ACF data were calculated using SimFCS program (LFD, Irvine, CA, USA) and were fitted with Eq. 1 that considers the diffusion of the TFs and their binding to two populations of fixed sites [70]:

$$ \mathrm{G}\left(\uptau \right)=\frac{1}{2^{3/2}N}\left[{f}_{\mathrm{D}}{\left(1+\frac{\tau }{\tau_{\mathrm{D}}}\right)}^{-1}{\left(1+\frac{\tau }{\omega^2{\tau}_{\mathrm{D}}}\right)}^{-1/2}+{f}_{\mathrm{short}}{e}^{\raisebox{1ex}{$-\tau $}\!\left/ \!\raisebox{-1ex}{${\tau}_{\mathrm{short}}$}\right.}+{f}_{\mathrm{long}}{e}^{\raisebox{1ex}{$-\tau $}\!\left/ \!\raisebox{-1ex}{${\tau}_{\mathrm{long}}$}\right.}\right] $$
(1)

where N is the mean number of fluorescent molecules in the confocal volume, τD is the characteristic diffusion time, ω is the ratio between axial and radial waists of the observation volume, and fD is the freely diffusing population fraction. fshort and flong are the population fractions bound to short-lived and long-lived targets, and τshort and τlong are their residence times, respectively. The reciprocal of the residence time corresponds to the dissociation constant koff.

Bioinformatics analysis

Vimentin gene expression analysis was performed on transcriptomic and proteomic data-mining platform, Stemformatics web tool (https://www.stemformatics.org, [120]), using publicly available datasets (Additional file 7: Supplementary Table S1, [48,49,50,51,52,53,54,55]) stored in Gene Expression Omnibus (GEO, ncbi), Sequence Read Archive (ncbi), GnomEx (Utah) and ProteomeXchange. Data normalization, transformation and annotation methods are available at Stemformatics documentation (https://www.stemformatics.org/Stemformatics_data_methods.pdf).

Statistical analysis

All the results shown in this work were obtained from experiments replicated at least 3 times. Nuclear volume and sphericity were expressed as median ± SE. To compare the median values (med) of different data sets, we used a hypothesis test computing the p-values as follows [121]:

$$ p-\mathrm{value}=2\left[1-F\left(\frac{\left|{\mathrm{med}}_{\left(\mathrm{g}1\right)}-{\mathrm{med}}_{\left(\mathrm{g}2\right)}\right|}{\sqrt{\upsigma_{\left(\mathrm{g}1\right)}^2+{\upsigma}_{\left(\mathrm{g}2\right)}^2}}\right)\right] $$
(2)

where F is the standard normal distribution and σ2 (g1) and σ2 (g2) represent the variance of each data group. Differences were regarded as significant at p < 0.05.

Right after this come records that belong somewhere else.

lemma marker_notin_graph_points: "marker \<alpha> \<notin> fst ` graph_points"
proof
  assume "marker \<alpha> \<in> fst ` graph_points"
  then obtain \<beta> p where p: "p \<in> stage_points (stage \<beta>)" "fst p = marker \<alpha>"
    unfolding graph_points_def by auto
  consider "\<alpha> = \<beta>" | "\<alpha> \<in> underS continuum_order \<beta>" | "\<beta> \<in> underS continuum_order \<alpha>"
    using continuum_order_total by blast
  then show False
  proof cases
    case 1
    then show ?thesis
      using marker_fresh(2)[of \<alpha>] p by force
  next
    case 2
    then show ?thesis
      using earlier_stage_used_reals(2)[OF 2] stage_points_fresh[OF p(1)] p(2) by simp
  next
    case 3
    then show ?thesis
      using earlier_stage_used_reals(1)[OF 3 p(1)] marker_fresh(1)[of \<alpha>] p(2) by simp
  qed
qed

lemma inj_marker: "inj marker"
proof (rule injI)
  fix \<alpha> \<beta> assume "marker \<alpha> = marker \<beta>"
  then show "\<alpha> = \<beta>"
    using continuum_order_total[of \<alpha> \<beta>] earlier_stage_used_reals(2)[of \<alpha> \<beta>]
      earlier_stage_used_reals(2)[of \<beta> \<alpha>] marker_fresh(1)[of \<alpha>] marker_fresh(1)[of \<beta>] by auto
qed

lemma marked_fun_graph_points: "(x, y) \<in> graph_points \<Longrightarrow> marked_fun X x = y"
  unfolding marked_fun_def using base_fun_eq by (simp add: rev_image_eqI)

lemma stage_points_in_graph: "p \<in> stage_points (stage \<alpha>) \<Longrightarrow> p \<in> graph_of (marked_fun X)"
proof -
  assume "p \<in> stage_points (stage \<alpha>)"
  then have "(fst p, snd p) \<in> graph_points"
    unfolding graph_points_def by auto
  then have "marked_fun X (fst p) = snd p"
    by (rule marked_fun_graph_points)
  then show ?thesis
    by (cases p) (simp add: graph_of_iff)
qed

The parameters’ standard errors (SE) and variance were computed by a bootstrap procedure [122].

Experimental results obtained for OCT4 dynamics were expressed as mean ± SEM. Statistical significance between groups was analyzed using linear mixed models (LMM) followed by comparisons between means using the Dunett test, when required. Differences were regarded as significant at p ≤ 0.01. Statistical data analysis was performed using the R software.